How to complete this task:
Check every line of the data below for the word "exists" and say how many have it, without further comment.

[Collected data entries]
lemma min_re_root_le_Re:
  fixes \<beta> :: complex and \<nu> l :: real
  assumes "\<beta>\<^sup>2 - \<nu> * \<beta> + l = 0"
  shows "min_re_root \<nu> l \<le> Re \<beta>"
proof -
  have re: "(Re \<beta>)\<^sup>2 - (Im \<beta>)\<^sup>2 - \<nu> * Re \<beta> + l = 0" and im: "Im \<beta> * (2 * Re \<beta> - \<nu>) = 0"
    using arg_cong[OF assms, of Re] arg_cong[OF assms, of Im]
    by (simp_all add: power2_eq_square algebra_simps)
  show ?thesis
  proof (cases "Im \<beta> = 0")
    case True
    then have "\<nu>\<^sup>2 - 4 * l = (2 * Re \<beta> - \<nu>)\<^sup>2"
      using re by (simp add: power2_eq_square algebra_simps)
    then have "max 0 (\<nu>\<^sup>2 - 4 * l) = (2 * Re \<beta> - \<nu>)\<^sup>2"
      by (simp add: max_absorb2)
    then show ?thesis
      unfolding min_re_root_def by simp
  next
    case False
    then have "Re \<beta> = \<nu> / 2"
      using im by simp
    moreover have "0 \<le> sqrt (max 0 (\<nu>\<^sup>2 - 4 * l))"
      by simp
    ultimately show ?thesis
      unfolding min_re_root_def by simp
  qed
qed

lemma min_re_root_attained: "\<exists>\<beta>::complex. \<beta>\<^sup>2 - \<nu> * \<beta> + l = 0 \<and> Re \<beta> = min_re_root \<nu> l"
proof (intro exI conjI)
  let ?\<beta> = "Complex (min_re_root \<nu> l) (sqrt (max 0 (4 * l - \<nu>\<^sup>2)) / 2)"
  show "?\<beta>\<^sup>2 - \<nu> * ?\<beta> + l = 0"
    by (cases "4 * l \<le> \<nu>\<^sup>2") (simp_all add: complex_eq_iff min_re_root_def power2_eq_square field_simps)
qed simp

lemma mono_min_re_root: "mono (min_re_root \<nu>)"
  by (intro monoI) (simp add: min_re_root_def)

lemma continuous_on_min_re_root: "continuous_on A (min_re_root \<nu>)"
  unfolding min_re_root_def by (intro continuous_intros) auto

lemma min_re_root_pos_iff:
  assumes "\<nu> > 0"
  shows "0 < min_re_root \<nu> l \<longleftrightarrow> 0 < l"
proof -
  have "0 < min_re_root \<nu> l \<longleftrightarrow> sqrt (max 0 (\<nu>\<^sup>2 - 4 * l)) < sqrt (\<nu>\<^sup>2)"
    using assms by (simp add: min_re_root_def)
  also have "\<dots> \<longleftrightarrow> max 0 (\<nu>\<^sup>2 - 4 * l) < \<nu>\<^sup>2"
    by (rule real_sqrt_less_iff)
  also have "\<dots> \<longleftrightarrow> 0 < l"
    using \<open>\<nu> > 0\<close> zero_less_power2[of \<nu>] unfolding max_def by (smt (verit))
  finally show ?thesis .
qed

lemma min_re_root_critical:
  assumes "\<nu>\<^sup>2 / 4 \<le> l"
  shows "min_re_root \<nu> l = \<nu> / 2"
  using assms by (simp add: min_re_root_def)

lemma INF_ereal_mono_continuous:
  fixes g :: "real \<Rightarrow> real"
  assumes "mono g" and "continuous_on UNIV g" and inf: "(INF x\<in>A. ereal (f x)) = ereal a"
  shows "(INF x\<in>A. ereal (g (f x))) = ereal (g a)"
proof -
  have "A \<noteq> {}"
    using inf by (force simp: top_ereal_def)
  have lower: "a \<le> f x" if "x \<in> A" for x
    using INF_lower[OF that, of "\<lambda>x. ereal (f x)"] inf by simp
  then have "bdd_below (f ` A)"
    by (rule bdd_belowI2)
  then have "Inf (f ` A) = a"
    using ereal_Inf'[of "f ` A"] \<open>A \<noteq> {}\<close> inf by (simp add: image_comp)
  moreover have "continuous (at_right a) g"
    using assms(2) by (simp add: continuous_on_eq_continuous_at continuous_at_imp_continuous_at_within)
  ultimately have "g a = (INF x\<in>A. g (f x))"
    using continuous_at_Inf_mono[OF \<open>mono g\<close> _ _ \<open>bdd_below (f ` A)\<close>] \<open>A \<noteq> {}\<close>
    by (simp add: image_comp)
  moreover have "bdd_below ((\<lambda>x. g (f x)) ` A)"
    using lower \<open>mono g\<close> by (intro bdd_belowI2) (erule monoD, assumption)
  ultimately show ?thesis
    using ereal_Inf'[of "(\<lambda>x. g (f x)) ` A"] \<open>A \<noteq> {}\<close> by (simp add: image_comp)
qed

lemma min_re_root_le_Re_eigenvalue_Qmat:
  assumes "smooth V" and "eigenvalue (Qmat \<nu> V x) \<beta>"
  shows "min_re_root \<nu> (alpha V x) \<le> Re \<beta>"
proof -
  obtain l where l: "real_eigenvalue (hessian V x) l" and root: "\<beta>\<^sup>2 - \<nu> * \<beta> + l = 0"
    using assms eigenvalue_Qmat_iff by blast
  have "alpha V x \<le> l"
    using real_eigenvalue_ge[OF hessian_quadratic_form_ge[OF assms(1) order_refl] l] .
  then have "min_re_root \<nu> (alpha V x) \<le> min_re_root \<nu> l"
    using mono_min_re_root by (rule monoD[rotated])
  also have "\<dots> \<le> Re \<beta>"
    using root by (rule min_re_root_le_Re)
  finally show ?thesis .
qed

lemma eigenvalue_Qmat_min_re_root:
  assumes "smooth V"
  obtains \<beta> where "eigenvalue (Qmat \<nu> V x) \<beta>" and "Re \<beta> = min_re_root \<nu> (alpha V x)"
  using min_re_root_attained[of \<nu> "alpha V x"] alpha_eigenvalue[OF assms] eigenvalue_Qmat_iff[OF assms]
  by metis

lemma INF_Re_eigenvalue_Qmat:
  assumes "smooth V"
  shows "(INF \<beta>\<in>{\<beta>. eigenvalue (Qmat \<nu> V x) \<beta>}. ereal (Re \<beta>)) = ereal (min_re_root \<nu> (alpha V x))"
proof (rule antisym)
  obtain \<beta> where "eigenvalue (Qmat \<nu> V x) \<beta>" "Re \<beta> = min_re_root \<nu> (alpha V x)"
    using eigenvalue_Qmat_min_re_root[OF assms] .
  then show "(INF \<beta>\<in>{\<beta>. eigenvalue (Qmat \<nu> V x) \<beta>}. ereal (Re \<beta>)) \<le> ereal (min_re_root \<nu> (alpha V x))"
    by (intro INF_lower2[of \<beta>]) simp_all
  show "ereal (min_re_root \<nu> (alpha V x)) \<le> (INF \<beta>\<in>{\<beta>. eigenvalue (Qmat \<nu> V x) \<beta>}. ereal (Re \<beta>))"
    using min_re_root_le_Re_eigenvalue_Qmat[OF assms] by (intro INF_greatest) simp
qed
lemma ktree_elim_form_reduction:
  assumes "ktree k V E" and k: "1 \<le> k" and cs: "distinct cs"
  shows "cliques k V E \<subseteq> set cs \<Longrightarrow> B \<subseteq> set cs \<Longrightarrow> B \<inter> cliques k V E = {} \<Longrightarrow>
    \<exists>c B'. c \<in> set cs \<and> B' \<subseteq> set cs \<and> c \<notin> B' \<and> card B' = card B + (card V - k) \<and>
      mat_equiv (mat_of_fun cs cs (elim_form k (cliques k V E) B (\<lambda>a b. int (kdist k V E a b))))
                (mat_of_fun cs cs (elim_form k {c} B' (\<lambda>_ _. 0)))"
  using assms(1)
proof (induction arbitrary: B rule: ktree.induct)
  case (base V)
  then have "cliques k V (complete_edges V) = {V}" by (intro cliques_complete)
  moreover have "elim_form k {V} B (\<lambda>a b. int (kdist k V (complete_edges V) a b)) = elim_form k {V} B (\<lambda>_ _. 0)"
    by (intro ext) (simp add: elim_form_def)
  ultimately show ?case
    using base by (intro exI[of _ V] exI[of _ B]) (auto simp: mat_equiv_refl)
next
  case (step V E x C)
  have IH: "finite V" "k \<le> card V" "\<forall>e\<in>E. e \<subseteq> V" and conn: "kconnected k V E"
    using ktree_invariants[OF step.hyps(1) k] by auto
  interpret ktree_step k V E x C
    using IH step.hyps by unfold_locales auto
  obtain t where t: "t \<in> new_cliques"
    using card_new_cliques[OF k] k by (metis card.empty ex_in_conv not_one_le_zero)
  have "insert t B \<subseteq> set cs" "insert t B \<inter> cliques k V E = {}" "t \<notin> B"
    using step.prems t cliques_k_extend cliques_disjoint by auto
  then obtain c B' where c: "c \<in> set cs" "B' \<subseteq> set cs" "c \<notin> B'"
    "card B' = card (insert t B) + (card V - k)"
    and reduced: "mat_equiv (mat_of_fun cs cs (elim_form k (cliques k V E) (insert t B) (\<lambda>a b. int (kdist k V E a b))))
               (mat_of_fun cs cs (elim_form k {c} B' (\<lambda>_ _. 0)))"
    using step.IH[of "insert t B"] step.prems(1) cliques_k_extend by blast
  have "card (insert t B) + (card V - k) = card B + (card (insert x V) - k)"
    using \<open>t \<notin> B\<close> finite_subset[OF step.prems(2)] IH(1,2) x_new by simp
  then show ?case
    using c mat_equiv_trans[OF elim_form_attach_equiv[OF conn k cs step.prems t] reduced] by auto
qed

Completed task:
2